## ASSIGNED TASK
Your job is to write out each record exactly, leaving none out.

## INPUT MATERIAL
lemma cost_union_image_le:
  assumes B: "\<And>i. i < N \<Longrightarrow> finite (B i) \<and> B i \<noteq> {}"
  shows "cost (\<Union>i<N. f i ` B i) \<le> (\<Sum>i<N. ennreal (p i * c i powr r) * cost (B i))"
proof -
  have pointwise: "ennreal (infdist (f i x) (\<Union>i<N. f i ` B i) powr r)
      \<le> ennreal (c i powr r) * ennreal (infdist x (B i) powr r)" if i: "i < N" for i x
  proof -
    have "infdist (f i x) (\<Union>i<N. f i ` B i) \<le> infdist (f i x) (f i ` B i)"
      using B[OF i] i by (intro infdist_mono) auto
    also have "\<dots> \<le> c i * infdist x (B i)"
      using B[OF i] lipschitz[OF i] by (intro infdist_image_le) (auto simp: dist_norm)
    finally have "infdist (f i x) (\<Union>i<N. f i ` B i) powr r \<le> (c i * infdist x (B i)) powr r"
      using r_pos by (intro powr_mono2) (auto simp: infdist_nonneg)
    then show ?thesis
      using c[OF i] by (simp add: powr_mult ennreal_mult[symmetric])
  qed
  have "cost (\<Union>i<N. f i ` B i)
      = (\<Sum>i<N. ennreal (p i) * (\<integral>\<^sup>+x. ennreal (infdist (f i x) (\<Union>i<N. f i ` B i) powr r) \<partial>\<mu>))"
    unfolding cost_def by (rule nn_integral_invariant[OF cost_measurable])
  also have "\<dots> \<le> (\<Sum>i<N. ennreal (p i) * (ennreal (c i powr r) * cost (B i)))"
    unfolding cost_def using pointwise
    by (intro sum_mono mult_left_mono) (auto simp: nn_integral_cmult[OF cost_measurable, symmetric]
        intro!: nn_integral_mono)
  also have "\<dots> = (\<Sum>i<N. ennreal (p i * c i powr r) * cost (B i))"
  proof (intro sum.cong refl)
    fix i assume "i \<in> {..<N}"
    then have "0 \<le> p i" "0 \<le> c i powr r"
      using p_pos[of i] by auto
    then show "ennreal (p i) * (ennreal (c i powr r) * cost (B i))
        = ennreal (p i * c i powr r) * cost (B i)"
      by (simp add: ennreal_mult mult.assoc)
  qed
  finally show ?thesis .
qed

lemma p_c_mult_powr_div_weight:
  assumes i: "i < N" and \<epsilon>: "0 < \<epsilon>"
  shows "p i * c i powr r * (\<epsilon> / weight i) powr (r / l) = weight i * \<epsilon> powr (r / l)"
  using weight_pos[OF i] \<epsilon>
  by (simp add: p_c_eq_weight_powr[OF i] powr_divide powr_add)

lemma admissible_singleton_0:
  assumes \<epsilon>: "1 \<le> \<epsilon>" "\<epsilon> * min_weight \<le> 1"
  shows "admissible \<epsilon> {0}"
proof -
  have "1 \<le> 1 / (\<epsilon> * min_weight)"
    using \<epsilon> min_weight_pos by simp
  moreover have "cost {0} * 1 \<le> cost {0} * ennreal (\<epsilon> powr (r / l))"
    using \<epsilon> r_pos l_pos by (intro mult_left_mono) (auto intro: ge_one_powr_ge_zero)
  ultimately show ?thesis
    by (simp add: admissible_def)
qed

lemma admissible_union:
  assumes \<epsilon>: "0 < \<epsilon>" and B: "\<And>i. i < N \<Longrightarrow> admissible (\<epsilon> / weight i) (B i)"
  shows "admissible \<epsilon> (\<Union>i<N. f i ` B i)"
proof -
  have fin: "\<And>i. i < N \<Longrightarrow> finite (B i) \<and> B i \<noteq> {}"
    using B by (simp add: admissible_def)
  have "real (card (\<Union>i<N. f i ` B i)) \<le> (\<Sum>i<N. real (card (B i)))"
    unfolding of_nat_sum[symmetric] of_nat_le_iff using fin by (intro card_UN_image_le) auto
  also have "\<dots> \<le> (\<Sum>i<N. weight i / (\<epsilon> * min_weight))"
    using B weight_pos by (intro sum_mono) (simp add: admissible_def)
  also have "\<dots> = 1 / (\<epsilon> * min_weight)"
    by (simp add: sum_divide_distrib[symmetric] sum_weight)
  finally have card: "real (card (\<Union>i<N. f i ` B i)) \<le> 1 / (\<epsilon> * min_weight)" .
  have "cost (\<Union>i<N. f i ` B i) \<le> (\<Sum>i<N. ennreal (p i * c i powr r) * cost (B i))"
    using fin by (rule cost_union_image_le)
  also have "\<dots> \<le>
      (\<Sum>i<N. ennreal (p i * c i powr r) * (cost {0} * ennreal ((\<epsilon> / weight i) powr (r / l))))"
    using B by (intro sum_mono mult_left_mono) (simp_all add: admissible_def)
  also have "\<dots> = (\<Sum>i<N. cost {0} * ennreal (weight i * \<epsilon> powr (r / l)))"
  proof (intro sum.cong refl)
    fix i assume "i \<in> {..<N}"
    then have "ennreal (p i * c i powr r) * ennreal ((\<epsilon> / weight i) powr (r / l))
        = ennreal (weight i * \<epsilon> powr (r / l))"
      using p_c_pos[of i] by (simp add: ennreal_mult[symmetric] p_c_mult_powr_div_weight \<epsilon>)
    then show "ennreal (p i * c i powr r) * (cost {0} * ennreal ((\<epsilon> / weight i) powr (r / l)))
        = cost {0} * ennreal (weight i * \<epsilon> powr (r / l))"
      by (simp add: mult_ac)
  qed
  also have "\<dots> = cost {0} * ennreal (\<Sum>i<N. weight i * \<epsilon> powr (r / l))"
    unfolding sum_distrib_left[symmetric]
    by (subst sum_ennreal) (auto intro!: mult_nonneg_nonneg less_imp_le[OF weight_pos])
  also have "\<dots> = cost {0} * ennreal (\<epsilon> powr (r / l))"
    by (simp add: sum_distrib_right[symmetric] sum_weight)
  finally have "cost (\<Union>i<N. f i ` B i) \<le> cost {0} * ennreal (\<epsilon> powr (r / l))" .
  moreover have "finite (\<Union>i<N. f i ` B i)" "(\<Union>i<N. f i ` B i) \<noteq> {}"
    using fin N_pos by auto
  ultimately show ?thesis
    using card by (simp add: admissible_def)
qed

## EXERCISE RESPONSE
lemma cost_union_image_le:
  assumes B: "\<And>i. i < N \<Longrightarrow> finite (B i) \<and> B i \<noteq> {}"
  shows "cost (\<Union>i<N. f i ` B i) \<le> (\<Sum>i<N. ennreal (p i * c i powr r) * cost (B i))"
proof -
  have pointwise: "ennreal (infdist (f i x) (\<Union>i<N. f i ` B i) powr r)
      \<le> ennreal (c i powr r) * ennreal (infdist x (B i) powr r)" if i: "i < N" for i x
  proof -
    have "infdist (f i x) (\<Union>i<N. f i ` B i) \<le> infdist (f i x) (f i ` B i)"
      using B[OF i] i by (intro infdist_mono) auto
    also have "\<dots> \<le> c i * infdist x (B i)"
      using B[OF i] lipschitz[OF i] by (intro infdist_image_le) (auto simp: dist_norm)
    finally have "infdist (f i x) (\<Union>i<N. f i ` B i) powr r \<le> (c i * infdist x (B i)) powr r"
      using r_pos by (intro powr_mono2) (auto simp: infdist_nonneg)
    then show ?thesis
      using c[OF i] by (simp add: powr_mult ennreal_mult[symmetric])
  qed
  have "cost (\<Union>i<N. f i ` B i)
      = (\<Sum>i<N. ennreal (p i) * (\<integral>\<^sup>+x. ennreal (infdist (f i x) (\<Union>i<N. f i ` B i) powr r) \<partial>\<mu>))"
    unfolding cost_def by (rule nn_integral_invariant[OF cost_measurable])
  also have "\<dots> \<le> (\<Sum>i<N. ennreal (p i) * (ennreal (c i powr r) * cost (B i)))"
    unfolding cost_def using pointwise
    by (intro sum_mono mult_left_mono) (auto simp: nn_integral_cmult[OF cost_measurable, symmetric]
        intro!: nn_integral_mono)
  also have "\<dots> = (\<Sum>i<N. ennreal (p i * c i powr r) * cost (B i))"
  proof (intro sum.cong refl)
    fix i assume "i \<in> {..<N}"
    then have "0 \<le> p i" "0 \<le> c i powr r"
      using p_pos[of i] by auto
    then show "ennreal (p i) * (ennreal (c i powr r) * cost (B i))
        = ennreal (p i * c i powr r) * cost (B i)"
      by (simp add: ennreal_mult mult.assoc)
  qed
  finally show ?thesis .
qed

lemma p_c_mult_powr_div_weight:
  assumes i: "i < N" and \<epsilon>: "0 < \<epsilon>"
  shows "p i * c i powr r * (\<epsilon> / weight i) powr (r / l) = weight i * \<epsilon> powr (r / l)"
  using weight_pos[OF i] \<epsilon>
  by (simp add: p_c_eq_weight_powr[OF i] powr_divide powr_add)

lemma admissible_singleton_0:
  assumes \<epsilon>: "1 \<le> \<epsilon>" "\<epsilon> * min_weight \<le> 1"
  shows "admissible \<epsilon> {0}"
proof -
  have "1 \<le> 1 / (\<epsilon> * min_weight)"
    using \<epsilon> min_weight_pos by simp
  moreover have "cost {0} * 1 \<le> cost {0} * ennreal (\<epsilon> powr (r / l))"
    using \<epsilon> r_pos l_pos by (intro mult_left_mono) (auto intro: ge_one_powr_ge_zero)
  ultimately show ?thesis
    by (simp add: admissible_def)
qed

lemma admissible_union:
  assumes \<epsilon>: "0 < \<epsilon>" and B: "\<And>i. i < N \<Longrightarrow> admissible (\<epsilon> / weight i) (B i)"
  shows "admissible \<epsilon> (\<Union>i<N. f i ` B i)"
proof -
  have fin: "\<And>i. i < N \<Longrightarrow> finite (B i) \<and> B i \<noteq> {}"
    using B by (simp add: admissible_def)
  have "real (card (\<Union>i<N. f i ` B i)) \<le> (\<Sum>i<N. real (card (B i)))"
    unfolding of_nat_sum[symmetric] of_nat_le_iff using fin by (intro card_UN_image_le) auto
  also have "\<dots> \<le> (\<Sum>i<N. weight i / (\<epsilon> * min_weight))"
    using B weight_pos by (intro sum_mono) (simp add: admissible_def)
  also have "\<dots> = 1 / (\<epsilon> * min_weight)"
    by (simp add: sum_divide_distrib[symmetric] sum_weight)
  finally have card: "real (card (\<Union>i<N. f i ` B i)) \<le> 1 / (\<epsilon> * min_weight)" .
  have "cost (\<Union>i<N. f i ` B i) \<le> (\<Sum>i<N. ennreal (p i * c i powr r) * cost (B i))"
    using fin by (rule cost_union_image_le)
  also have "\<dots> \<le>
      (\<Sum>i<N. ennreal (p i * c i powr r) * (cost {0} * ennreal ((\<epsilon> / weight i) powr (r / l))))"
    using B by (intro sum_mono mult_left_mono) (simp_all add: admissible_def)
  also have "\<dots> = (\<Sum>i<N. cost {0} * ennreal (weight i * \<epsilon> powr (r / l)))"
  proof (intro sum.cong refl)
    fix i assume "i \<in> {..<N}"
    then have "ennreal (p i * c i powr r) * ennreal ((\<epsilon> / weight i) powr (r / l))
        = ennreal (weight i * \<epsilon> powr (r / l))"
      using p_c_pos[of i] by (simp add: ennreal_mult[symmetric] p_c_mult_powr_div_weight \<epsilon>)
    then show "ennreal (p i * c i powr r) * (cost {0} * ennreal ((\<epsilon> / weight i) powr (r / l)))
        = cost {0} * ennreal (weight i * \<epsilon> powr (r / l))"
      by (simp add: mult_ac)
  qed
  also have "\<dots> = cost {0} * ennreal (\<Sum>i<N. weight i * \<epsilon> powr (r / l))"
    unfolding sum_distrib_left[symmetric]
    by (subst sum_ennreal) (auto intro!: mult_nonneg_nonneg less_imp_le[OF weight_pos])
  also have "\<dots> = cost {0} * ennreal (\<epsilon> powr (r / l))"
    by (simp add: sum_distrib_right[symmetric] sum_weight)
  finally have "cost (\<Union>i<N. f i ` B i) \<le> cost {0} * ennreal (\<epsilon> powr (r / l))" .
  moreover have "finite (\<Union>i<N. f i ` B i)" "(\<Union>i<N. f i ` B i) \<noteq> {}"
    using fin N_pos by auto
  ultimately show ?thesis
    using card by (simp add: admissible_def)
qed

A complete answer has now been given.